Cada vez que o Sr. João ia à rua levava o seu porta moedas. Ainda que com poucos tostões, estava sempre vigilante e não tirava os olhos das pessoas que se aproximavam, sobretudo aqueles com ar suspeito. No elétrico apertava o bolso com a mão, para que nenhum larápio ou carteirista lhe roubasse o porta moedas num ato de dois dedos.
A sua mulher guardava o dinheiro – fossem as moedas ou as notas – bem dobrado num lenço, que colocava nos bolsos falsos do forro da saia ou no meio dos seios preso ao soutien.
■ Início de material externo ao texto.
text \<open>
  The map \<open>F \<mapsto> F'\<close> identifies \<open>S\<^sup>p\<close> modulo constants with \<open>H\<^sup>p\<close>, isometrically on the
  seminorm part, and \<open>D\<^sub>\<phi> F = C\<^sub>\<phi> F'\<close>; so \<open>D\<^sub>\<phi>\<close> on \<open>S\<^sup>p\<close> is compact iff \<open>C\<^sub>\<phi> : H\<^sup>p \<rightarrow> S\<^sup>p\<close> is.
  Moreover \<open>\<parallel>C\<^sub>\<phi> g - G\<parallel>\<^sub>S = |g(\<phi>(0)) - G(0)| + \<parallel>(DC\<^sub>\<phi>) g - G'\<parallel>\<^sub>H\<close>; the first summand only involves
  point evaluation at \<open>\<phi>(0)\<close>, which is bounded on \<open>H\<^sup>p\<close> by the Cauchy formula, so a bounded
  sequence has a subsequence along which it converges, and compactness of \<open>C\<^sub>\<phi>\<close> into \<open>S\<^sup>p\<close> is
  equivalent to compactness of \<open>DC\<^sub>\<phi>\<close> into \<open>H\<^sup>p\<close>.
\<close>

lemma int_mean_nonneg: "0 \<le> int_mean p f r"
proof -
  have "0 \<le> integral {0..2*pi} (\<lambda>\<theta>. norm (f (complex_of_real r * cis \<theta>)) powr p)"
    by (cases "(\<lambda>\<theta>. norm (f (complex_of_real r * cis \<theta>)) powr p) integrable_on {0..2*pi}")
       (auto intro!: integral_nonneg simp: not_integrable_integral)
  thus ?thesis unfolding int_mean_def by simp
qed

lemma hardy_norm_nonneg: "0 \<le> hardy_norm p f"
  unfolding hardy_norm_def by simp

lemma int_mean_le_hardy_norm_powr:
  assumes "f \<in> hardy p" "r \<in> {0<..<1}" "p > 0"
  shows "int_mean p f r \<le> hardy_norm p f powr p"
proof -
  have "bdd_above (int_mean p f ` {0<..<1})" using assms(1) unfolding hardy_def by auto
  hence le: "int_mean p f r \<le> (SUP r\<in>{0<..<1}. int_mean p f r)"
    using assms(2) by (rule cSUP_upper2) simp
  hence "0 \<le> (SUP r\<in>{0<..<1}. int_mean p f r)" using int_mean_nonneg order_trans by blast
  hence "hardy_norm p f powr p = (SUP r\<in>{0<..<1}. int_mean p f r)"
    unfolding hardy_norm_def using assms(3) by (simp add: powr_powr)
  with le show ?thesis by simp
qed

lemma hardy_holomorphic: "g \<in> hardy p \<Longrightarrow> g holomorphic_on ball 0 1"
  unfolding hardy_def by simp

lemma Sp_holomorphic: "f \<in> Sp p \<Longrightarrow> f holomorphic_on ball 0 1"
  unfolding Sp_def by simp

lemma hardy_norm_le_Sp_norm: "hardy_norm p (deriv f) \<le> Sp_norm p f"
  unfolding Sp_norm_def by simp

definition disc_determined ::
  "(complex \<Rightarrow> complex) set \<Rightarrow> ((complex \<Rightarrow> complex) \<Rightarrow> real) \<Rightarrow> bool" where
  "disc_determined Y N \<longleftrightarrow>
     (\<forall>f g. (\<forall>z\<in>ball 0 1. f z = g z) \<longrightarrow> (f \<in> Y \<longleftrightarrow> g \<in> Y) \<and> N f = N g)"

lemma disc_determinedD:
  assumes "disc_determined Y N" "\<And>z. z \<in> ball 0 1 \<Longrightarrow> f z = g z"
  shows "f \<in> Y \<longleftrightarrow> g \<in> Y" "N f = N g"
proof -
  have "\<forall>z\<in>ball 0 1. f z = g z" using assms(2) by blast
  thus "f \<in> Y \<longleftrightarrow> g \<in> Y" "N f = N g" using assms(1) unfolding disc_determined_def by blast+
qed

lemma int_mean_cong:
  assumes "\<And>z. z \<in> ball 0 1 \<Longrightarrow> f z = g z" "r \<in> {0<..<1}"
  shows "int_mean p f r = int_mean p g r"
proof -
  have "f (complex_of_real r * cis \<theta>) = g (complex_of_real r * cis \<theta>)" for \<theta>
    using assms(2) by (intro assms(1)) (simp add: norm_mult)
  thus ?thesis unfolding int_mean_def by simp
qed

lemma disc_determined_hardy: "disc_determined (hardy p) (hardy_norm p)"
  unfolding disc_determined_def
proof (intro allI impI)
  fix f g :: "complex \<Rightarrow> complex" assume eq: "\<forall>z\<in>ball 0 1. f z = g z"
  have means: "int_mean p f ` {0<..<1} = int_mean p g ` {0<..<1}"
    using int_mean_cong[of f g] eq by (intro image_cong) simp_all
  have "f holomorphic_on ball 0 1 \<longleftrightarrow> g holomorphic_on ball 0 1"
    using eq by (intro holomorphic_cong) auto
  with means show "(f \<in> hardy p \<longleftrightarrow> g \<in> hardy p) \<and> hardy_norm p f = hardy_norm p g"
    unfolding hardy_def hardy_norm_def by simp
qed

lemma deriv_cong_ball:
  assumes "\<And>z. z \<in> ball 0 1 \<Longrightarrow> f z = g z" "z \<in> ball (0::complex) 1"
  shows "deriv f z = deriv g z"
proof (rule deriv_cong_ev)
  show "eventually (\<lambda>x. f x = g x) (nhds z)"
    using eventually_nhds_in_open[of "ball 0 1" z] assms by (auto elim!: eventually_mono)
qed simp

lemma disc_determined_Sp: "disc_determined (Sp p) (Sp_norm p)"
  unfolding disc_determined_def
proof (intro allI impI)
  fix f g :: "complex \<Rightarrow> complex" assume eq: "\<forall>z\<in>ball 0 1. f z = g z"
  have "deriv f \<in> hardy p \<longleftrightarrow> deriv g \<in> hardy p" "hardy_norm p (deriv f) = hardy_norm p (deriv g)"
    using disc_determinedD[OF disc_determined_hardy, of "deriv f" "deriv g"] deriv_cong_ball eq
    by blast+
  moreover have "f holomorphic_on ball 0 1 \<longleftrightarrow> g holomorphic_on ball 0 1"
    using eq by (intro holomorphic_cong) auto
  ultimately show "(f \<in> Sp p \<longleftrightarrow> g \<in> Sp p) \<and> Sp_norm p f = Sp_norm p g"
    unfolding Sp_def Sp_norm_def using eq by simp
qed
Assim se garantia a segurança dessa cambada de carteiristas que pululavam pela cidade.

Nessa altura, já se dizia que o mundo estava perdido e que o país estava de mal a pior com essa “ladroagem”. Pelos vistos assim continua, mesmo com a passagem do tempo.

Hoje o Sr. João é mais velho e tanto ele como a sua esposa já evoluíram para o cartão multibanco, que usam para evitar os carteiristas. Os seus filhos já fazem parte da geração do dinheiro de plástico sob a forma de cartões de crédito, multibanco e afins; são da geração do homebanking e das aplicações no smartphone.

Esta evolução está a levar à extinção dos tradicionais carteiristas da nossa praça, que agora só conseguem sobreviver à custa dos turistas que ainda trazem dinheiro consigo. Se hoje alguém for assalto por um carteirista pouco perde e ele pouco ganha – fica a chatice de ter de se tirar nova documentação e novos cartões de plástico.

 

Os carteiristas do nosso tempo, passaram para o online. Chamam-se hackers que tentam aceder a códigos dos utilizadores com e-mails estranhos e páginas dos bancos falsas – nunca digite o seu código de acesso na totalidade, nem responda aos e-mails que solicitem os seus dados. Eis a nova forma de roubar. Uma responsabilidade para quem tem as contas e para os bancos, que têm de estar atentos a estes novos carteiristas. Mas, até aí estão com azar. O português comum já voltou a poupar mais; porém, as suas contas continuam vazias e as poupanças pouco rendem porque os bancos pouco valor querem dar ao dinheiro. Existe sim, à disposição dos carteiristas, muitos créditos para liquidar. Há carteiristas que gostam de comprar divida incerta, mas não o carteirista da nossa praça, apenas o que migrou para grande porte e constituiu empresas e sociedades para esse fim. Enredos complicados.

O Sr. João não quer saber destas modernices mesmo que os senhor do banco lhe envie as senhas, lhe diga quais as vantagens na manutenção de conta e mesmo nos benefícios de compra a crédito. O Sr. João ainda tem saudades dos velhos tempos em que corria para casa com o ordenado no bolso para contar com a mulher. Nos tempos que correm esse pode voltar a ser o meio mais seguro, para evitar as famílias de abrutes santos.